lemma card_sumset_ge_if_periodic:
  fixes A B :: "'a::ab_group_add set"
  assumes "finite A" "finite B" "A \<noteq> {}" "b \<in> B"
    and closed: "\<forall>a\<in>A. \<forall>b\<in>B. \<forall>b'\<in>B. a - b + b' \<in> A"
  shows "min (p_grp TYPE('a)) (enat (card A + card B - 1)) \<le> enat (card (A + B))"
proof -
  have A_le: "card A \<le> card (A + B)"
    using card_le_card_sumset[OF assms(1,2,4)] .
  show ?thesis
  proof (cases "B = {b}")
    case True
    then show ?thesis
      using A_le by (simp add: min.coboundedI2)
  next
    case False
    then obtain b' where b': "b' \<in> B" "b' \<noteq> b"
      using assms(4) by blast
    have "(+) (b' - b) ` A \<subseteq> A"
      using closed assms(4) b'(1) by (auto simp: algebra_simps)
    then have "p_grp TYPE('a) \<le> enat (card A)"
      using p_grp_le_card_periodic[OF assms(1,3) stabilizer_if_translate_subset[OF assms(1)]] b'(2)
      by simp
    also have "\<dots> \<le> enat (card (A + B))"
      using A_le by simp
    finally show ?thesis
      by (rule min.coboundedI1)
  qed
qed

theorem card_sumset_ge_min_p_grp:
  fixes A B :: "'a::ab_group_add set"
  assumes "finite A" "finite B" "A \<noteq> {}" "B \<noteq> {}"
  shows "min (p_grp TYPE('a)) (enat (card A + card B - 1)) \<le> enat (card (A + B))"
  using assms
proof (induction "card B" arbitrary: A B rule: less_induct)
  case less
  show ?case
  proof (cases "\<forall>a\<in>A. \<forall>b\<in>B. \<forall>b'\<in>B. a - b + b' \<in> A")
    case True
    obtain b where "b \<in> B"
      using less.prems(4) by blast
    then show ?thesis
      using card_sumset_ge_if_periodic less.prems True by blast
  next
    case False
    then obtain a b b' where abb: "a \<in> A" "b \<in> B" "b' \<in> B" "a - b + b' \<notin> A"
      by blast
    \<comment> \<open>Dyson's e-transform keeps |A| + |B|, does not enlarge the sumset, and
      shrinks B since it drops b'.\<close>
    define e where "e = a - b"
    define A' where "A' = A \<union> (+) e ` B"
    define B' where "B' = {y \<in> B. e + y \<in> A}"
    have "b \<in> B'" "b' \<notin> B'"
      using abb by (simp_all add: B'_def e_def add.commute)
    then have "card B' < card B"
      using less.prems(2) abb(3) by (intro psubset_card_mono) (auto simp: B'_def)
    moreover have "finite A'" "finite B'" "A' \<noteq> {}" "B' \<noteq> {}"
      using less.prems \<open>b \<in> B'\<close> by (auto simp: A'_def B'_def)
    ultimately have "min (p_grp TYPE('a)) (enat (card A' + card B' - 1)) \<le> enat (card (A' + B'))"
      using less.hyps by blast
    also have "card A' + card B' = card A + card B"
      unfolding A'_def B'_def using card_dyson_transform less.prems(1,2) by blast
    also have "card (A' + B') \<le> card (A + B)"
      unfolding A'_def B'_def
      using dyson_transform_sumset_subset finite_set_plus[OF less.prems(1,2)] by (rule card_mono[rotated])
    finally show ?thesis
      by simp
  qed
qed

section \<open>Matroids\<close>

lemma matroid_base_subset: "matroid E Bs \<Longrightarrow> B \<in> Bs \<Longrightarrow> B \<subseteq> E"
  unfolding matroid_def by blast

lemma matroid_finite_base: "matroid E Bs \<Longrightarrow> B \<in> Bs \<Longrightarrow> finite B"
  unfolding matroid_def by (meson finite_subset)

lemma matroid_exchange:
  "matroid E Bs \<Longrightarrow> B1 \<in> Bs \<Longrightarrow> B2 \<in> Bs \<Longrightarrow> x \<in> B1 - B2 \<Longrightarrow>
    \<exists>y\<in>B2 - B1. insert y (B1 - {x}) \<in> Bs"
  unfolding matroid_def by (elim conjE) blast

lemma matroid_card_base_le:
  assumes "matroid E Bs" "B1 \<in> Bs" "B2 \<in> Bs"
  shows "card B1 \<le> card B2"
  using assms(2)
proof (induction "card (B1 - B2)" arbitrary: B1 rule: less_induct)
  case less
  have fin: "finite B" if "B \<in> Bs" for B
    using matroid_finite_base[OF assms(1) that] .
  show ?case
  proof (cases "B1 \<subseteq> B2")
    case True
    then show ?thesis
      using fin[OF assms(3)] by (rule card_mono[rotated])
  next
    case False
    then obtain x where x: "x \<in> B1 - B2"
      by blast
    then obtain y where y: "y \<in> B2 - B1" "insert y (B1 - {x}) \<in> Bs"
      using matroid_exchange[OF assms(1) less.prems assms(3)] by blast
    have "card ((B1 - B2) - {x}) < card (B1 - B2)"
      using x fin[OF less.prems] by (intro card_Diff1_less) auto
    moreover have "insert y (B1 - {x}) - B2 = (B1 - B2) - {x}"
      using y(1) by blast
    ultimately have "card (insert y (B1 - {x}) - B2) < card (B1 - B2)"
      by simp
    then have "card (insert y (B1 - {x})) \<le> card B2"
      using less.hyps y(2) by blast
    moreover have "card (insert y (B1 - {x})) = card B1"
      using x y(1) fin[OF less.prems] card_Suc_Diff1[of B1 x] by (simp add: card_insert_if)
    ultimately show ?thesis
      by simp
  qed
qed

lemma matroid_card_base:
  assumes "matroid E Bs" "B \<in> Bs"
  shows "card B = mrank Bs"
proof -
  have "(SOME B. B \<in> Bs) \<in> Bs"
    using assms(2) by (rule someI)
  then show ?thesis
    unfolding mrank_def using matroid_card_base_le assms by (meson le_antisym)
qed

== == ==

◆ DIRECTIONS
Return exactly, and only, the lines above starting at the line that contains "B rule: less_induct)" and ending at the line that contains "using less.prems \<open>b".

◆ SOLUTION FOR THIS EXERCISE
proof (induction "card B" arbitrary: A B rule: less_induct)
  case less
  show ?case
  proof (cases "\<forall>a\<in>A. \<forall>b\<in>B. \<forall>b'\<in>B. a - b + b' \<in> A")
    case True
    obtain b where "b \<in> B"
      using less.prems(4) by blast
    then show ?thesis
      using card_sumset_ge_if_periodic less.prems True by blast
  next
    case False
    then obtain a b b' where abb: "a \<in> A" "b \<in> B" "b' \<in> B" "a - b + b' \<notin> A"
      by blast
    \<comment> \<open>Dyson's e-transform keeps |A| + |B|, does not enlarge the sumset, and
      shrinks B since it drops b'.\<close>
    define e where "e = a - b"
    define A' where "A' = A \<union> (+) e ` B"
    define B' where "B' = {y \<in> B. e + y \<in> A}"
    have "b \<in> B'" "b' \<notin> B'"
      using abb by (simp_all add: B'_def e_def add.commute)
    then have "card B' < card B"
      using less.prems(2) abb(3) by (intro psubset_card_mono) (auto simp: B'_def)
    moreover have "finite A'" "finite B'" "A' \<noteq> {}" "B' \<noteq> {}"
      using less.prems \<open>b \<in> B'\<close> by (auto simp: A'_def B'_def)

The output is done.